Поморские сказы

Tekst
Przeczytaj fragment
Oznacz jako przeczytane
Czcionka:Mniejsze АаWiększe Aa

И как бы под его взглядом – за старым, в заплатах, парусом застучали, переминаясь, переступая калёными копытами, кони. Это были самые что ни на есть дорогие звери, кони арабских кровей, которых приобрёл Буторин. Ещё и разные обезьяны были, которых заманили для зверинца Петербуржского, да те сразу сбежать пытались. И только лишь одна единственная обезьяна, темноволосая, совсем немаленькая, очень длиннорукая, смогла освободиться, и уже на самом выходе из бухты бросилась в воду и поплыла быстро и уверенно. Сразу понятно стало, что доплывёт до берега. И никто не хотел вспоминать, что с большим трудом втащили в трюм бочку с живыми маленькими крокодилами. Их на ишаке с перевязанными мордами и в наглухо закрытых корзинках привёз, как и заказывал Буторин, служитель местного храма. В этом храме, в глубоком бассейне и в рядом находившемся водоёме – то ли гнилом озерке, то ли болоте – было их несчитано.
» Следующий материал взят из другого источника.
lemma snd_clrep_Aut_in_lipschitz_group:
  assumes "a \<in> clrep_Aut h g"
  shows "snd a \<in> lipschitz_group g"
proof -
  obtain b where mor: "clrep_mor h g h g a"
    and inverse: "clrep_comp b a = clrep_id" "clrep_comp a b = clrep_id"
    using assms unfolding clrep_Aut_def clrep_iso_def by blast
  have ab: "snd a ** snd b = mat 1" and ba: "snd b ** snd a = mat 1"
    and surj: "fst a \<circ> fst b = id"
    using inverse by (simp_all add: clrep_comp_def clrep_id_def)
  have "range (\<lambda>v. snd a ** g v ** snd b) = g ` range (fst a)"
    using clrep_mor_conjugate[OF mor ab] by (simp add: image_comp o_def)
  also have "\<dots> = range g"
    using surjI[of "fst a" "fst b"] surj by (simp add: pointfree_idE)
  finally show ?thesis using lipschitz_groupI[OF ab ba] by blast
qed

lemma lipschitz_group_in_snd_clrep_Aut:
  fixes g :: "'v::real_vector \<Rightarrow> complex^'n::finite^'n"
  assumes "quad_space h" "weakly_faithful h g" "p \<in> lipschitz_group g"
  shows "p \<in> snd ` clrep_Aut h g"
proof -
  obtain q where pq: "p ** q = mat 1" and qp: "q ** p = mat 1"
    and conj_range: "range (\<lambda>v. p ** g v ** q) = range g"
    using assms(3) by (rule lipschitz_groupE)
  have "q ** g v ** p \<in> range g" for v
  proof -
    obtain u where "g v = p ** g u ** q"
      using conj_range by (metis (no_types, lifting) imageE rangeI)
    then show ?thesis using matrix_conj_cancel[OF qp] by simp
  qed
  moreover have "p ** g v ** q \<in> range g" for v
    using conj_range by blast
  moreover have "inj g"
    using assms(2) unfolding weakly_faithful_def by blast
  ultimately have "clrep_iso h g h g (inv g \<circ> (\<lambda>v. p ** g v ** q), p)"
    using pq qp clrep_mor_conjugation[OF assms(1,2)]
    by (intro clrep_isoI[where b = "(inv g \<circ> (\<lambda>v. q ** g v ** p), q)"]) simp_all
  then have "(inv g \<circ> (\<lambda>v. p ** g v ** q), p) \<in> clrep_Aut h g"
    unfolding clrep_Aut_def by simp
  then show ?thesis by force
qed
И потом. Зачем при храмах множество обезьян – ещё можно было каким-то образом догадаться. Правда, никто над такой картиной и не очень задумывался. Но зачем без числа крокодилы, где одна только пасть открывалась на полную сажень? А как такое увидишь, то может показаться со страху – такая разинутая пасть и гораздо больше.

Однажды в ночь вскочили от пронизавшего всех истошно-смертельного крика, и пока разобрались, проверили – на судно припёрся кто-то из лукавого семейства. Но оказалось, что видно непуганая ещё обезьяна взобралась на край той бочки, где были ласковые крокодильчики с отточенными зубами-иголками. Все тогда впервые увидели сами, как бурлила кровяная вода; и столько силы показали крокодильчики, что бочка с места сдвинулась. Уже днём сердобольно решили воду в бочке поменять. Воду слили, бочку по приказу Буторина промыли, чудищ, по-змеиному увёртливых, ловких и гибких, извивавшихся и норовивших у кого-нибудь ещё что-то откусить, побросали с опаской в свежую воду. Прибили несколько дощечек сверху и забыли про них. А крокодилы ничем о себе не напоминали. К этой бочке только сам Буторин и подходил каждый день. Стукнет ногой по бочке – вода в ней заплещется. Он успокоится и отходит довольный. И всем говорил одно и то же: в монастыре сказали, что полгода без еды будут жить, так что с ними никаких хлопот не будет. И признавался, что в бочку заглядывать страшновато, но простодушно добавлял: «В зверинце в Питербухском тоже большие деньги обещали!»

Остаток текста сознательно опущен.